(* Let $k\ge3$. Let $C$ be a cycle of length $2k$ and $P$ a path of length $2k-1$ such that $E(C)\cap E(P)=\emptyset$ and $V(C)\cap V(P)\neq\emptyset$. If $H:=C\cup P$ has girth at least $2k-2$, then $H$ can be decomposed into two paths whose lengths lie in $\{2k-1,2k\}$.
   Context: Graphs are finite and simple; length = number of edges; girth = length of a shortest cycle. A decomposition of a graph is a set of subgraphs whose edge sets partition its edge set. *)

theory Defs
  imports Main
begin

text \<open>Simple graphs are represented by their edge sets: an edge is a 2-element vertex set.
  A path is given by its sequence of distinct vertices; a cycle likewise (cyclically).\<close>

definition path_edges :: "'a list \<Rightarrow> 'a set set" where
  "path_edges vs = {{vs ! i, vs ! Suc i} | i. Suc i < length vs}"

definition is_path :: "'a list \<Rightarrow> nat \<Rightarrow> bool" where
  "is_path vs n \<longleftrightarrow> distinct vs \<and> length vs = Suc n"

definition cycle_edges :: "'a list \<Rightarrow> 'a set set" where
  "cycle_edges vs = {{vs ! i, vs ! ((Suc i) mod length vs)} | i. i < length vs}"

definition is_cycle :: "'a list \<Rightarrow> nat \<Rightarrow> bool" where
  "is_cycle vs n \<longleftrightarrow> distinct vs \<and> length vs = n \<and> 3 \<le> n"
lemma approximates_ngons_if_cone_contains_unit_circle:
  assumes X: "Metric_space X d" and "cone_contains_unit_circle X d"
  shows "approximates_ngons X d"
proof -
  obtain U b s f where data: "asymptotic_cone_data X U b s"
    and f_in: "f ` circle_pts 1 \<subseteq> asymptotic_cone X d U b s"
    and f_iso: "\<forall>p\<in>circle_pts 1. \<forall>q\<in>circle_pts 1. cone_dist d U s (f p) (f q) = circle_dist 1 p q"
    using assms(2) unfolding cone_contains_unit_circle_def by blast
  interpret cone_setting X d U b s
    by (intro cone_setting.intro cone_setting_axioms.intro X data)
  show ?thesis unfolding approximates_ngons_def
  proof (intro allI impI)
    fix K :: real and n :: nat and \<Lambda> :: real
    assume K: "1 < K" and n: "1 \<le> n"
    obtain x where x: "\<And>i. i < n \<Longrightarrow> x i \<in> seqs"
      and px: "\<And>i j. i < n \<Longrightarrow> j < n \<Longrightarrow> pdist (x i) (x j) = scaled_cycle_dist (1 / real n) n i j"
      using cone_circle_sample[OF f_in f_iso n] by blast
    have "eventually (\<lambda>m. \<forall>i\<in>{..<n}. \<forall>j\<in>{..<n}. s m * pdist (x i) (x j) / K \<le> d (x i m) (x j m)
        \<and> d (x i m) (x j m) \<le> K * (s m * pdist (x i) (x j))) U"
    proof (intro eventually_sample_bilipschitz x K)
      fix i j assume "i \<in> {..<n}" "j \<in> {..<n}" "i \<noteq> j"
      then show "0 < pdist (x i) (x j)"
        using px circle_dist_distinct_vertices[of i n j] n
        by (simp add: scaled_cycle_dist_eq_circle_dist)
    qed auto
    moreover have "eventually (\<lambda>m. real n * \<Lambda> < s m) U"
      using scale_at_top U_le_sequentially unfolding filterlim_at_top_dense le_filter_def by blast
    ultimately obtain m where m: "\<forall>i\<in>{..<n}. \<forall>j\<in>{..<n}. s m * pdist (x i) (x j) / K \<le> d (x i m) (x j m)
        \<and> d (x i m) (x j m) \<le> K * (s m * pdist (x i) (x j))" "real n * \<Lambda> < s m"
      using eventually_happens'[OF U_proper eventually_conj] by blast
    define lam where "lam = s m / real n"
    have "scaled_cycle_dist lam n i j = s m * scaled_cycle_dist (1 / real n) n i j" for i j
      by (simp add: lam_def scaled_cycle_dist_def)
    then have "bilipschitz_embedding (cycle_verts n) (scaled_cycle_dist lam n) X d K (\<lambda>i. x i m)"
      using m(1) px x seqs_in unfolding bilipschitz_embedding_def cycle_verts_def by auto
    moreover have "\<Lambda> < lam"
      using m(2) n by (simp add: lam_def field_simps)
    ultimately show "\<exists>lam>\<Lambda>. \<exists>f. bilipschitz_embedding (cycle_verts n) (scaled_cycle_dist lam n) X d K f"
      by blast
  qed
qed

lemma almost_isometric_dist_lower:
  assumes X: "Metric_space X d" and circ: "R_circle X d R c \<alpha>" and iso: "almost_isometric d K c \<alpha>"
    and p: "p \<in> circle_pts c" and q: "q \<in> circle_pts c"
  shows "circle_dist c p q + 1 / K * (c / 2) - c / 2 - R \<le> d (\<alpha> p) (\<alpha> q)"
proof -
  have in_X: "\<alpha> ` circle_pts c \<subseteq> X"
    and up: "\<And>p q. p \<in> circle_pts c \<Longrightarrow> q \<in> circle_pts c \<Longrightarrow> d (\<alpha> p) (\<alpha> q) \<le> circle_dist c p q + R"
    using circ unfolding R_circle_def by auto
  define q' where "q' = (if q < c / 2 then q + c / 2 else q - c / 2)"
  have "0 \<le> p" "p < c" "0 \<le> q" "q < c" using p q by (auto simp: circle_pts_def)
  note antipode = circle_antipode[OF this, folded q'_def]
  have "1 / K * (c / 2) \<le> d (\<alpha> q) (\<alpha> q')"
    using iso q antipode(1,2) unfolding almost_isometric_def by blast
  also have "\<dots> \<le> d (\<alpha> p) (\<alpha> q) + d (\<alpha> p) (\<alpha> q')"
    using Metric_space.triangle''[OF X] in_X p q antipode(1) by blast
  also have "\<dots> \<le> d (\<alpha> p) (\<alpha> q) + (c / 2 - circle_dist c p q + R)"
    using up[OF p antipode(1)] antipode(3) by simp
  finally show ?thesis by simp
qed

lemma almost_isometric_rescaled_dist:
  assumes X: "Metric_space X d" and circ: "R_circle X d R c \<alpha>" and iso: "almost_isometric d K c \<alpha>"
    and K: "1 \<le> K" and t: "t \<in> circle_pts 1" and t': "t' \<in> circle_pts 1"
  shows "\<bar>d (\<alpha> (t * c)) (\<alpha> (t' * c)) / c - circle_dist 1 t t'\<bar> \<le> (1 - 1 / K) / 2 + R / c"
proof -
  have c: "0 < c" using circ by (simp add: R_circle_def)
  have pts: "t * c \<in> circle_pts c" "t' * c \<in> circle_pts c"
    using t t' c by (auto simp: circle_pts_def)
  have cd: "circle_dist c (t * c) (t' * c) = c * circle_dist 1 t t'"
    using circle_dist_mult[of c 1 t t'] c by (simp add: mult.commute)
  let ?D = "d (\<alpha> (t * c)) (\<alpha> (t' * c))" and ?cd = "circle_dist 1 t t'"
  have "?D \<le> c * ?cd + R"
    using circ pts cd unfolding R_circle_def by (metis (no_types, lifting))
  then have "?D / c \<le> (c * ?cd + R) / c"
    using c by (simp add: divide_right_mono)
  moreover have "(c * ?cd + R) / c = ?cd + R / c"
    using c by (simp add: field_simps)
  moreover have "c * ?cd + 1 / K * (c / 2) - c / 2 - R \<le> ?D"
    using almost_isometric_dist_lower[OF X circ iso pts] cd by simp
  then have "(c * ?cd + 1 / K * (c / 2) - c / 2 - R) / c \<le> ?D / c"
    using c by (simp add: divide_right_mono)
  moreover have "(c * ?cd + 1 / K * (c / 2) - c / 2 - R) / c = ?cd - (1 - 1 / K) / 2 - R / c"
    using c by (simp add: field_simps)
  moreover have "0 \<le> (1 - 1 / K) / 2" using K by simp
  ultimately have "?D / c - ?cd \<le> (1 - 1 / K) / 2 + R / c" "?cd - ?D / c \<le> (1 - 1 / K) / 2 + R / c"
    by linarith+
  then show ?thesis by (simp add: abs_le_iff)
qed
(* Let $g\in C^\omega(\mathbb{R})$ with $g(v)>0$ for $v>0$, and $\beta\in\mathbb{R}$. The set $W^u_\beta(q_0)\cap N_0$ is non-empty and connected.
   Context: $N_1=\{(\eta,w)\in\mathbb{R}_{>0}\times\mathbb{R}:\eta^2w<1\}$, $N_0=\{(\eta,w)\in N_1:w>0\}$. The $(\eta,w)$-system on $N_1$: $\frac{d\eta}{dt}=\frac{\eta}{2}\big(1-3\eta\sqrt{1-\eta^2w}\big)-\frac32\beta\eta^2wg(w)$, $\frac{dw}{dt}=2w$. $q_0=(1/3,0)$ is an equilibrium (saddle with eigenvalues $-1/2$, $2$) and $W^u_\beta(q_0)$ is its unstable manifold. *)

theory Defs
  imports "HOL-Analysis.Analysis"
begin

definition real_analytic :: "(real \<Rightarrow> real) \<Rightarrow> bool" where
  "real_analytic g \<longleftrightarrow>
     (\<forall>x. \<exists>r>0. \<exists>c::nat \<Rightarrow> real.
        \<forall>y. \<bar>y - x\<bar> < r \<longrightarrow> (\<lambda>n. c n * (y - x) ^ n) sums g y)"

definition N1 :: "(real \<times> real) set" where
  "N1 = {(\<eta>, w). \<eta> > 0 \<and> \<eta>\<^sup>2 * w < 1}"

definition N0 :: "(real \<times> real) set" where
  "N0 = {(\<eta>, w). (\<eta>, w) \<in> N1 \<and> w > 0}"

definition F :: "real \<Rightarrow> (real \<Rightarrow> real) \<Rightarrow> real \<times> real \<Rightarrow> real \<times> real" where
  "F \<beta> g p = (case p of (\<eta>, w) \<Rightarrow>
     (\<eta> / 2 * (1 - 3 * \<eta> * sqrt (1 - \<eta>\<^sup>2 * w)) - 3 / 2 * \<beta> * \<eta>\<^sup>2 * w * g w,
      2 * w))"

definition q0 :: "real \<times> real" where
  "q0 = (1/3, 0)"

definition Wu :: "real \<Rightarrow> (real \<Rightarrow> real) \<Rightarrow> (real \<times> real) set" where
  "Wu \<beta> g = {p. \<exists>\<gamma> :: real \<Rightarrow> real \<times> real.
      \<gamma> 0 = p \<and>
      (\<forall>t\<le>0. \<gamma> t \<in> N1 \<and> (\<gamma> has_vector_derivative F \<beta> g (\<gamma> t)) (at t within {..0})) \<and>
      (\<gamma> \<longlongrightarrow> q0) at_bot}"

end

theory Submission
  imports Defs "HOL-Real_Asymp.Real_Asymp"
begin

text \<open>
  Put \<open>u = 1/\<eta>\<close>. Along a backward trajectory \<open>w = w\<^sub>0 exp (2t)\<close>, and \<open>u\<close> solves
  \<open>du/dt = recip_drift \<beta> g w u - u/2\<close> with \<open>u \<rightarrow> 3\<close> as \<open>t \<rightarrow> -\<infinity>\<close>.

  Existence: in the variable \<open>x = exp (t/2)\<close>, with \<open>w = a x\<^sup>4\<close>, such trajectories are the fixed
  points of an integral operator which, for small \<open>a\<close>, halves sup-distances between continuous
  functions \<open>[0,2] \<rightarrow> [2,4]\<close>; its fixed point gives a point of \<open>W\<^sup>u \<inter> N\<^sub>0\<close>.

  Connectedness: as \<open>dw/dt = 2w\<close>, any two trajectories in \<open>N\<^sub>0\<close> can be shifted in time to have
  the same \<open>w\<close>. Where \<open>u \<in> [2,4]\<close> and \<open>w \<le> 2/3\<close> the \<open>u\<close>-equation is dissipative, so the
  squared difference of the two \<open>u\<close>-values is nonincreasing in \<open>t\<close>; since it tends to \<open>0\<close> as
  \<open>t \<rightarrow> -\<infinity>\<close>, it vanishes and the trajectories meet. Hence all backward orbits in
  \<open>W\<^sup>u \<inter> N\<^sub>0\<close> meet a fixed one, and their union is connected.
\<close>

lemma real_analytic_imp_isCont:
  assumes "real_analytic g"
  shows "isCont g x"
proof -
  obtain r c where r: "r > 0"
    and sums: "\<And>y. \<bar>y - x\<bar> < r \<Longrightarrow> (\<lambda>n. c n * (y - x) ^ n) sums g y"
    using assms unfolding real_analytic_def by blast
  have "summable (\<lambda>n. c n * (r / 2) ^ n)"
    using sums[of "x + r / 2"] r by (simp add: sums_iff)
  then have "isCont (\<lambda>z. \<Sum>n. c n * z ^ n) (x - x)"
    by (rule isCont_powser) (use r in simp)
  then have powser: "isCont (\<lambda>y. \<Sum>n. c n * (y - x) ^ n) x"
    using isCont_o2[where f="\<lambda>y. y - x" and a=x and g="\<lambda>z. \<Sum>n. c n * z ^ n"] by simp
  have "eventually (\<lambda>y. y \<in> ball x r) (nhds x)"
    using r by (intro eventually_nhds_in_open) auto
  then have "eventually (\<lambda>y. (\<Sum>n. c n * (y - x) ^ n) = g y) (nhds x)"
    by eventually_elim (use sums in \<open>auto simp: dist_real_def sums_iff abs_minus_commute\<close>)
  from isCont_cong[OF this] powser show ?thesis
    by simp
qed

++++++++++++++++++++

* What you have to do *
In the records above, each line with the string "unfolding" should be copied.

* Problem solution *
    using assms(2) unfolding cone_contains_unit_circle_def by blast
  show ?thesis unfolding approximates_ngons_def
      using scale_at_top U_le_sequentially unfolding filterlim_at_top_dense le_filter_def by blast
      using m(1) px x seqs_in unfolding bilipschitz_embedding_def cycle_verts_def by auto
    using circ unfolding R_circle_def by auto
    using iso q antipode(1,2) unfolding almost_isometric_def by blast
    using circ pts cd unfolding R_circle_def by (metis (no_types, lifting))
    using assms unfolding real_analytic_def by blast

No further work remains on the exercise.